L'Italia perde ancora Sovranità, arriva la bomba a orologeria del "Two-pack"


Nella foto il Commissario agli Affari economici, Olli Rehn (a sinistra) e il premier italiano Enrico Letta

"Two-pack", una bomba ad orologeria? Il Commissario agli Affari economici, Olli Rehn, arriva martedi a Roma per un'audizione al Parlamento italiano, dove spiegherà il senso delle "raccomandazioni" europee (leggi l'intervista al Sole 24 Ore). È la prima volta che accade, e non sarà ultima. Perché inizia, sotto la bandiera generale del "maggiore coordinamento", una fase nuova per la politica economica italiana, una sorta di "cogestione" dei cui effetti la classe politica italiana ha parlato finora distrattamente. Sbagliando.

In pista c'è il "Two-pack", cioè i due regolamenti approvati dal Consiglio europeo il 13 maggio scorso con l'obiettivo di introdurre, per i paesi dell'eurozona, più coordinamento e vigilanza nel processo di formazione delle politiche fiscali nazionali.
Di fatto se ne va un altro spezzone della "sovranità" nazionale, e non è un caso che nelle ultime ore abbia preso quota il confronto su chi "scriverà" la prossima Legge di Stabilità, l'ex Legge Finanziaria che dovrà essere pronta entro metà ottobre. «Se cade il Governo – ha detto il premier Enrico Letta - la Legge di Stabilità la sciverebbero a Bruxelles e la scriverebbero diversa da noi». Già, perché ora –sempre secondo Letta- questa legge «la scriviamo noi e non viene scritta in Europa visto che siamo usciti dalla procedura d'infrazione per deficit eccessivo».

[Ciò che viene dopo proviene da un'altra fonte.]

lemma is_matching_pairs_union:
  assumes "A \<inter> W = {}" "bij_betw g A W" "\<forall>x\<in>A. {x, g x} \<in> E"
    and "is_matching E X" "\<forall>e\<in>X. e \<inter> (A \<union> W) = {}"
  shows "is_matching E ((\<lambda>x. {x, g x}) ` A \<union> X)"
  unfolding is_matching_def
proof (intro conjI ballI impI)
  have gW: "g x \<in> W" if "x \<in> A" for x
    using assms(2) that by (auto simp: bij_betw_def)
  show "(\<lambda>x. {x, g x}) ` A \<union> X \<subseteq> E"
    using assms(3,4) by (auto simp: is_matching_def)
  fix e f
  assume e: "e \<in> (\<lambda>x. {x, g x}) ` A \<union> X" and f: "f \<in> (\<lambda>x. {x, g x}) ` A \<union> X" and "e \<noteq> f"
  show "e \<inter> f = {}"
  proof (cases "e \<in> X"; cases "f \<in> X")
    assume "e \<in> X" "f \<in> X"
    with \<open>e \<noteq> f\<close> assms(4) show ?thesis
      by (auto simp: is_matching_def)
  next
    assume "e \<in> X" "f \<notin> X"
    with f assms(5) gW show ?thesis
      by auto
  next
    assume "e \<notin> X" "f \<in> X"
    with e assms(5) gW show ?thesis
      by auto
  next
    assume "e \<notin> X" "f \<notin> X"
    with e f obtain x y where x: "x \<in> A" "e = {x, g x}" and y: "y \<in> A" "f = {y, g y}"
      by auto
    with \<open>e \<noteq> f\<close> have "x \<noteq> y"
      by auto
    then have "g x \<noteq> g y"
      using bij_betw_imp_inj_on[OF assms(2)] x y by (meson inj_on_eq_iff)
    with \<open>x \<noteq> y\<close> x y gW assms(1) show ?thesis
      by auto
  qed
qed

lemma card_pairs_union:
  assumes "finite A" "finite X" "A \<inter> W = {}" "\<forall>x\<in>A. g x \<in> W" "\<forall>e\<in>X. e \<inter> A = {}"
  shows "card ((\<lambda>x. {x, g x}) ` A \<union> X) = card A + card X"
proof -
  have "inj_on (\<lambda>x. {x, g x}) A"
    using assms(3,4) by (auto intro!: inj_onI simp: doubleton_eq_iff)
  moreover have "(\<lambda>x. {x, g x}) ` A \<inter> X = {}"
    using assms(5) by auto
  ultimately show ?thesis
    using assms(1,2) by (simp add: card_Un_disjoint card_image)
qed

lemma card_dominating_add_matching_le:
  assumes "finite E" "finite V" "A \<subseteq> dominating_vertices V E" "A \<inter> U = {}"
    and "card A \<le> card (V - A - U)" "is_matching E M" "finite M" "\<forall>e\<in>M. e \<subseteq> U"
  shows "card A + card M \<le> matching_number E"
proof -
  have "finite A"
    using assms(2,3) by (auto simp: dominating_vertices_def intro: finite_subset)
  obtain W where W: "W \<subseteq> V - A - U" "card W = card A"
    using assms(5) by (meson obtain_subset_with_card_n)
  then have "finite W"
    using assms(2) by (meson Diff_subset finite_subset)
  then obtain g where g: "bij_betw g A W"
    using finite_same_card_bij[OF \<open>finite A\<close>] W(2) by metis
  have gW: "\<forall>x\<in>A. g x \<in> W"
    using g by (auto simp: bij_betw_def)
  have "\<forall>x\<in>A. {x, g x} \<in> E"
  proof
    fix x assume "x \<in> A"
    with gW W(1) have "g x \<in> V" "g x \<noteq> x"
      by auto
    with \<open>x \<in> A\<close> assms(3) show "{x, g x} \<in> E"
      by (auto simp: dominating_vertices_def)
  qed
  moreover have "A \<inter> W = {}" "\<forall>e\<in>M. e \<inter> (A \<union> W) = {}"
    using W(1) assms(4,8) by auto
  ultimately have "is_matching E ((\<lambda>x. {x, g x}) ` A \<union> M)"
    using is_matching_pairs_union[OF _ g _ assms(6)] by blast
  then have "card ((\<lambda>x. {x, g x}) ` A \<union> M) \<le> matching_number E"
    by (rule card_le_matching_number[OF assms(1)])
  moreover have "\<forall>e\<in>M. e \<inter> A = {}"
    using assms(4,8) by blast
  ultimately show ?thesis
    using card_pairs_union[OF \<open>finite A\<close> assms(7) \<open>A \<inter> W = {}\<close> gW] by simp
qed

lemma card_dominating_le_matching_number:
  assumes "finite E" "finite V" "2 * matching_number E + 2 \<le> card V"
  shows "card (dominating_vertices V E) \<le> matching_number E"
proof (rule ccontr)
  assume "\<not> ?thesis"
  then obtain A where A: "A \<subseteq> dominating_vertices V E" "card A = Suc (matching_number E)"
    by (metis not_less_eq_eq obtain_subset_with_card_n)
  then have "A \<subseteq> V"
    by (auto simp: dominating_vertices_def)
  then have "card A \<le> card (V - A - {})"
    using A(2) assms(2,3) by (simp add: card_Diff_subset finite_subset)
  from card_dominating_add_matching_le[OF assms(1,2) A(1) _ this, of "{}"] A(2)
  show False
    by (simp add: is_matching_def)
qed

lemma non_dominating_independent:
  assumes "finite E" "finite V" "2 * matching_number E + 2 \<le> card V"
    and "card (dominating_vertices V E) = matching_number E"
    and "u \<in> V - dominating_vertices V E" "v \<in> V - dominating_vertices V E" "u \<noteq> v"
  shows "{u, v} \<notin> E"
proof
  assume uv: "{u, v} \<in> E"
  let ?D = "dominating_vertices V E"
  have "card (V - ?D - {u, v}) = card V - card ?D - 2"
    using assms(2,5-7) card_diff_dominating[OF assms(2), of E] by (simp add: card_Diff_subset)
  then have "card ?D \<le> card (V - ?D - {u, v})"
    using assms(3,4) by simp
  moreover have "is_matching E {{u, v}}"
    using uv by (simp add: is_matching_def)
  ultimately have "card ?D + 1 \<le> matching_number E"
    using card_dominating_add_matching_le[OF assms(1,2) subset_refl, of "{u, v}" "{{u, v}}"] assms(5,6)
    by auto
  with assms(4) show False
    by simp
qed

lemma mem_join_edges_iff:
  "{i, j} \<in> join_edges k m \<longleftrightarrow> i < k + m \<and> j < k + m \<and> i \<noteq> j \<and> (i < k \<or> j < k)"
  unfolding join_edges_def by (auto simp: doubleton_eq_iff)

lemma card_dominating_ge_if_iso_join:
  assumes "finite V" "graph_iso V E (join_vertices k m) (join_edges k m)"
  shows "k \<le> card (dominating_vertices V E)"
proof -
  obtain f where f: "bij_betw f V {0..<k + m}"
    and adj: "\<forall>u\<in>V. \<forall>v\<in>V. {u, v} \<in> E \<longleftrightarrow> {f u, f v} \<in> join_edges k m"
    using assms(2) unfolding graph_iso_def join_vertices_def by blast
  let ?C = "{u \<in> V. f u < k}"
  have inj: "inj_on f V"
    using f by (rule bij_betw_imp_inj_on)
  have "?C \<subseteq> dominating_vertices V E"
    using adj bij_betwE[OF f] inj by (auto simp: dominating_vertices_def mem_join_edges_iff inj_on_eq_iff)
  moreover have "f ` ?C = {0..<k}"
    using bij_betw_imp_surj_on[OF f] by force
  then have "card ?C = k"
    using card_image[OF inj_on_subset[OF inj, of ?C]] by auto
  ultimately show ?thesis
    using assms(1) card_mono[of "dominating_vertices V E" ?C]
    by (metis (no_types, lifting) dominating_vertices_def finite_subset mem_Collect_eq subsetI)
qed

lemma bij_betw_atLeastLessThan_prefix:
  assumes "finite V" "A \<subseteq> V" "card A = k" "card V = k + m"
  obtains f where "bij_betw f V {0..<k + m}" "\<And>u. u \<in> V \<Longrightarrow> f u < k \<longleftrightarrow> u \<in> A"
proof -
  have "finite A"
    using assms(1,2) by (rule finite_subset[rotated])
  then obtain g1 where g1: "bij_betw g1 A {0..<k}"
    using finite_same_card_bij assms(3) by (metis card_atLeastLessThan diff_zero finite_atLeastLessThan)
  obtain g2 where g2: "bij_betw g2 (V - A) {k..<k + m}"
    using finite_same_card_bij[of "V - A" "{k..<k + m}"] assms card_Diff_subset[OF \<open>finite A\<close>]
    by auto
  define f where "f x = (if x \<in> A then g1 x else g2 x)" for x
  have "bij_betw f A {0..<k}"
    using g1 by (rule bij_betw_cong[THEN iffD1, rotated]) (simp add: f_def)
  moreover have "bij_betw f (V - A) {k..<k + m}"
    using g2 by (rule bij_betw_cong[THEN iffD1, rotated]) (simp add: f_def)
  ultimately have "bij_betw f (A \<union> (V - A)) ({0..<k} \<union> {k..<k + m})"
    by (rule bij_betw_combine) auto
  moreover have "A \<union> (V - A) = V" "{0..<k} \<union> {k..<k + m} = {0..<k + m}"
    using assms(2) by auto
  ultimately have "bij_betw f V {0..<k + m}"
    by simp
  moreover have "f u < k \<longleftrightarrow> u \<in> A" if "u \<in> V" for u
    using bij_betw_apply[OF g1, of u] bij_betw_apply[OF g2, of u] that
    by (cases "u \<in> A") (auto simp: f_def)
  ultimately show ?thesis
    using that by blast
qed

lemma iso_join_if_non_dominating_independent:
  assumes "simple_graph V E" "card V = k + m" "card (dominating_vertices V E) = k"
    and "\<And>u v. u \<in> V - dominating_vertices V E \<Longrightarrow> v \<in> V - dominating_vertices V E \<Longrightarrow> u \<noteq> v
      \<Longrightarrow> {u, v} \<notin> E"
  shows "graph_iso V E (join_vertices k m) (join_edges k m)"
proof -
  let ?D = "dominating_vertices V E"
  have "finite V"
    using assms(1) by (simp add: simple_graph_def)
  moreover have "?D \<subseteq> V"
    by (auto simp: dominating_vertices_def)
  ultimately obtain f where f: "bij_betw f V {0..<k + m}"
    and clique: "\<And>u. u \<in> V \<Longrightarrow> f u < k \<longleftrightarrow> u \<in> ?D"
    using bij_betw_atLeastLessThan_prefix assms(2,3) by metis
  have "{u, v} \<in> E \<longleftrightarrow> {f u, f v} \<in> join_edges k m" if "u \<in> V" "v \<in> V" for u v
  proof (cases "u = v")
    case True
    then show ?thesis
      using assms(1) mem_join_edges_iff[of "f u" "f u" k m]
      by (auto simp: simple_graph_def doubleton_eq_iff)
  next
    case False
    then have "{f u, f v} \<in> join_edges k m \<longleftrightarrow> u \<in> ?D \<or> v \<in> ?D"
      using that clique bij_betwE[OF f] inj_onD[OF bij_betw_imp_inj_on[OF f]]
      by (auto simp: mem_join_edges_iff)
    also have "\<dots> \<longleftrightarrow> {u, v} \<in> E"
    proof
      show "u \<in> ?D \<or> v \<in> ?D \<Longrightarrow> {u, v} \<in> E"
        using that False by (auto simp: dominating_vertices_def insert_commute)
      show "{u, v} \<in> E \<Longrightarrow> u \<in> ?D \<or> v \<in> ?D"
        using that False assms(4) by blast
    qed
    finally show ?thesis ..
  qed
  with f show ?thesis
    unfolding graph_iso_def join_vertices_def by blast
qed

lemma simple_graph_finite_edges:
  assumes "simple_graph V E"
  shows "finite E"
proof -
  have "E \<subseteq> Pow V"
    using assms by (auto simp: simple_graph_def)
  with assms show ?thesis
    by (meson finite_Pow_iff finite_subset simple_graph_def)
qed
(* There is an absolute constant $C$ such that for every $n$, every $b\in\mathbb R$, every $w\in\mathbb R^n$ and every $\epsilon>0$, the budget-additive function $f(x)=\min(b,\sum_{i=1}^nw_ix_i)$ on $\{0,1\}^n$ satisfies $R^{lin}_{\epsilon\text{-approx}}(f)\le C\min\left(\lceil\|w\|_1^2/\epsilon\rceil,\ n\right)$.
   Context: For $S\subseteq[n]$, $\chi_S(x)=\sum_{i\in S}x_i\pmod2$. Approximate randomized $\mathbb F_2$-sketch complexity: $R^{lin}_{\epsilon\text{-approx}}(f)$ is the smallest integer $k$ such that there exist a probability distribution over $k$-tuples of subsets $\mathbf S_1,\dots,\mathbf S_k\subseteq[n]$ and $g\colon\mathbb F_2^k\to\mathbb R$ with $\mathbb E_{\mathbf S_1,\dots,\mathbf S_k}[(g(\chi_{\mathbf S_1}(x),\dots,\chi_{\mathbf S_k}(x))-f(x))^2]\le\epsilon$ for every $x\in\mathbb F_2^n$. $\|w\|_1=\sum_i|w_i|$. *)

theory Defs
  imports "HOL-Probability.Probability"
begin

text \<open>Points of F_2^n are boolean lists of length n (True = 1); subsets S of [n] are
  subsets of {..<n}.  chi S x is the parity of the coordinates of x indexed by S.\<close>

definition chi :: "nat set \<Rightarrow> bool list \<Rightarrow> bool" where
  "chi S x = odd (card {i \<in> S. x ! i})"

definition approx_sketch :: "nat \<Rightarrow> (bool list \<Rightarrow> real) \<Rightarrow> real \<Rightarrow> nat \<Rightarrow> bool" where
  "approx_sketch n f eps k \<longleftrightarrow>
     (\<exists>(D :: nat set list pmf) (g :: bool list \<Rightarrow> real).
        (\<forall>L \<in> set_pmf D. length L = k \<and> (\<forall>S \<in> set L. S \<subseteq> {..<n})) \<and>
        (\<forall>x. length x = n \<longrightarrow>
             measure_pmf.expectation D (\<lambda>L. (g (map (\<lambda>S. chi S x) L) - f x)^2) \<le> eps))"

definition R_lin_approx :: "nat \<Rightarrow> (bool list \<Rightarrow> real) \<Rightarrow> real \<Rightarrow> nat" where
  "R_lin_approx n f eps = (LEAST k. approx_sketch n f eps k)"

definition budget_additive :: "nat \<Rightarrow> real \<Rightarrow> (nat \<Rightarrow> real) \<Rightarrow> bool list \<Rightarrow> real" where
  "budget_additive n b w x = min b (\<Sum>i<n. w i * (if x ! i then 1 else 0))"

end

theory Submission
  imports Defs
begin

text \<open>With \<open>W = \<Sum>i. |w i|\<close>, sample an index \<open>i\<close> with probability \<open>|w i| / W\<close> and
  output \<open>W sgn(w i) x i\<close>: this is an unbiased estimator of \<open>\<Sum>i. w i x i\<close> with
  variance at most \<open>W\<^sup>2\<close>, so the mean of \<open>k = \<lceil>W\<^sup>2/eps\<rceil>\<close> independent copies has
  mean squared error at most \<open>eps\<close>. Each copy costs two parity queries (a singleton and the
  empty set, ordered by the sign of \<open>w i\<close>), and clipping at \<open>b\<close> is 1-Lipschitz, so
  it does not increase the error. Querying all \<open>n\<close> coordinates gives the other bound.\<close>

lemma finite_set_replicate_pmf:
  "finite (set_pmf p) \<Longrightarrow> finite (set_pmf (replicate_pmf k p))"
  by (induction k) auto

lemma expectation_replicate_pmf_Suc:
  fixes F :: "'a list \<Rightarrow> real"
  assumes "finite (set_pmf p)"
  shows "measure_pmf.expectation (replicate_pmf (Suc k) p) F =
         measure_pmf.expectation p (\<lambda>a. measure_pmf.expectation (replicate_pmf k p) (\<lambda>L. F (a # L)))"
proof -
  have "replicate_pmf (Suc k) p = bind_pmf p (\<lambda>a. map_pmf (Cons a) (replicate_pmf k p))"
    by (simp add: map_pmf_def)
  then have "measure_pmf.expectation (replicate_pmf (Suc k) p) F =
      (\<Sum>a\<in>set_pmf p. pmf p a * measure_pmf.expectation (replicate_pmf k p) (\<lambda>L. F (a # L)))"
    using assms finite_set_replicate_pmf[OF assms] by (simp add: pmf_expectation_bind[of "set_pmf p"])
  also have "\<dots> = measure_pmf.expectation p (\<lambda>a. measure_pmf.expectation (replicate_pmf k p) (\<lambda>L. F (a # L)))"
    using assms by (subst integral_measure_pmf_real[of "set_pmf p"]) (auto simp: mult.commute)
  finally show ?thesis .
qed

lemma expectation_replicate_pmf_sum_list:
  fixes h :: "'a \<Rightarrow> real"
  assumes "finite (set_pmf p)"
  shows "measure_pmf.expectation (replicate_pmf k p) (\<lambda>L. sum_list (map h L))
           = k * measure_pmf.expectation p h"
proof (induction k)
  case (Suc k)
  have "\<And>f :: 'a list \<Rightarrow> real. integrable (measure_pmf (replicate_pmf k p)) f"
    and "\<And>f :: 'a \<Rightarrow> real. integrable (measure_pmf p) f"
    using assms finite_set_replicate_pmf[OF assms] by (auto intro: integrable_measure_pmf_finite)
  with Suc show ?case
    unfolding expectation_replicate_pmf_Suc[OF assms] by (simp add: algebra_simps)
qed simp

text \<open>The cross terms vanish because the samples are independent and centred.\<close>

lemma expectation_replicate_pmf_sum_list_square:
  fixes h :: "'a \<Rightarrow> real"
  assumes "finite (set_pmf p)" and centred: "measure_pmf.expectation p h = 0"
  shows "measure_pmf.expectation (replicate_pmf k p) (\<lambda>L. (sum_list (map h L))^2)
           = k * measure_pmf.expectation p (\<lambda>a. (h a)^2)"
proof (induction k)
  case (Suc k)
  have "\<And>f :: 'a list \<Rightarrow> real. integrable (measure_pmf (replicate_pmf k p)) f"
    and "\<And>f :: 'a \<Rightarrow> real. integrable (measure_pmf p) f"
    using assms finite_set_replicate_pmf[OF assms(1)] by (auto intro: integrable_measure_pmf_finite)
  with Suc show ?case
    using expectation_replicate_pmf_sum_list[OF assms(1), of k h] centred
    unfolding expectation_replicate_pmf_Suc[OF assms(1)] by (simp add: power2_sum algebra_simps)
qed simp
lemma ratio_test:
  assumes y_supp: "\<forall>i. i \<notin> free A \<longrightarrow> y i = 0" and y_nonneg: "\<forall>i\<in>free A. 0 \<le> y i"
    and y_pos: "\<forall>i\<in>I_minus A. 0 < y i" and ne: "I_minus A \<noteq> {}"
  obtains H y' where "H \<noteq> {}" "H \<subseteq> I_minus A" "\<forall>i. i \<notin> free (A \<union> H) \<longrightarrow> y' i = 0"
    "\<forall>i\<in>free (A \<union> H). 0 < y' i" "obj y' < obj y"
proof -
  let ?x = "sol A"
  have fin: "finite (I_minus A)"
    by (rule finite_subset[OF I_minus_subset finite_subset[OF free_subset finite_lessThan]])
  obtain t where t: "0 < t" "t \<le> 1" and hit: "\<exists>i\<in>I_minus A. y i + t * (?x i - y i) = 0"
    and nonneg: "\<And>i. i \<in> I_minus A \<Longrightarrow> 0 \<le> y i + t * (?x i - y i)"
    using ratio_test_step[OF fin ne, of ?x y] y_pos by (auto simp: ras_Im_def)
  define y' where "y' i = y i + t * (?x i - y i)" for i
  define H where "H = {i \<in> I_minus A. y' i = 0}"
  show ?thesis
  proof (rule that)
    show "H \<noteq> {}" "H \<subseteq> I_minus A" using hit by (auto simp: H_def y'_def)
    show "\<forall>i. i \<notin> free (A \<union> H) \<longrightarrow> y' i = 0"
      using y_supp sol_zero by (auto simp: y'_def H_def free_union)
    show "\<forall>i\<in>free (A \<union> H). 0 < y' i"
    proof
      fix i assume "i \<in> free (A \<union> H)"
      then have i: "i \<in> free A" "i \<notin> H" by (auto simp: free_union)
      show "0 < y' i"
      proof (cases "i \<in> I_minus A")
        case True
        then show ?thesis using nonneg[OF True] i(2) by (force simp: H_def y'_def)
      next
        case False
        then have "0 < ?x i" using i(1) by (auto simp: ras_Im_def)
        moreover have "y' i = (1 - t) * y i + t * ?x i" by (simp add: y'_def algebra_simps)
        ultimately show ?thesis using t y_nonneg i(1) by (simp add: add_nonneg_pos)
      qed
    qed
    obtain i where "i \<in> I_minus A" using ne by blast
    then have "i < n" "y i \<noteq> ?x i"
      using y_pos I_minus_subset free_subset by (fastforce simp: ras_Im_def)+
    then show "obj y' < obj y"
      unfolding y'_def using obj_toward_sol_less[OF y_supp _ t] by blast
  qed
qed

lemma drop_phase:
  assumes "\<forall>i. i \<notin> free A \<longrightarrow> y i = 0" "\<forall>i\<in>free A. 0 \<le> y i" "\<forall>i\<in>I_minus A. 0 < y i"
    and "obj y \<le> v" "obj (sol A) < v"
  shows "\<exists>B. ras_move\<^sup>*\<^sup>* A B \<and> I_minus B = {} \<and> obj (sol B) < v"
  using assms
proof (induction "card (free A)" arbitrary: A y rule: less_induct)
  case less
  show ?case
  proof (cases "I_minus A = {}")
    case True
    then show ?thesis using less.prems(5) by blast
  next
    case False
    obtain H y' where H: "H \<noteq> {}" "H \<subseteq> I_minus A"
      and y': "\<forall>i. i \<notin> free (A \<union> H) \<longrightarrow> y' i = 0" "\<forall>i\<in>free (A \<union> H). 0 < y' i"
      and less_obj: "obj y' < obj y"
      using ratio_test[OF less.prems(1-3) False] by blast
    have "card (free (A \<union> H)) < card (free A)"
      using H I_minus_subset[of A] by (intro card_free_union_less) auto
    moreover have "obj (sol (A \<union> H)) \<le> obj y'" using y'(1) by (rule obj_sol_le)
    ultimately obtain B where "ras_move\<^sup>*\<^sup>* (A \<union> H) B" "I_minus B = {}" "obj (sol B) < v"
      using less.hyps[of "A \<union> H" y'] y' I_minus_subset[of "A \<union> H"] less_obj less.prems(4)
      by (fastforce intro: less_imp_le)
    moreover have "ras_move A (A \<union> H)" using False H(2) by (rule ras_move_freeze)
    ultimately show ?thesis by (meson converse_rtranclp_into_rtranclp)
  qed
qed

Chi scrive che cosa, ecco il punto. Torniamo così al "Two-pack" (che segue il Fiscal compact del marzo 2012, il "Six-pack", approvato il 23 novembre 2011 ed il Semestre europeo del settembre 2010) per il quale entro il 15 ottobre ogni paese dell'eurozona presenta alla Commissione e all'Eurogruppo (il coordinamento europeo che riunisce i ministri dell'Economia e delle Finanze dei paesi euro) la bozza del piano di bilancio per l'anno successivo.

Dunque, la Legge di Stabilità da quest'anno prende in parallelo due strade: il Parlamento nazionale e la Commissione europea che la soppeserà con cura. E se la bozza non convince Bruxelles perché non conforme al Patto di Stabilità e di Crescita (costituzionalizzato nel frattempo con il Fiscal compact) e perché non riponde alle raccomandazioni della Commissione? Bruxelles può chiederne la riscrittura entro due settimane dal momento della ricezione del progetto di bilancio ed entro il 30 novembre, se necessario, la Commissione può adottare un parere da sottoporre al vaglio dell'Eurogruppo. Insomma, i governi nazionali scrivono, ma l'Europa, con la sua nuova e più vincolante governance, può chiedere una riscrittura del progetto di legge.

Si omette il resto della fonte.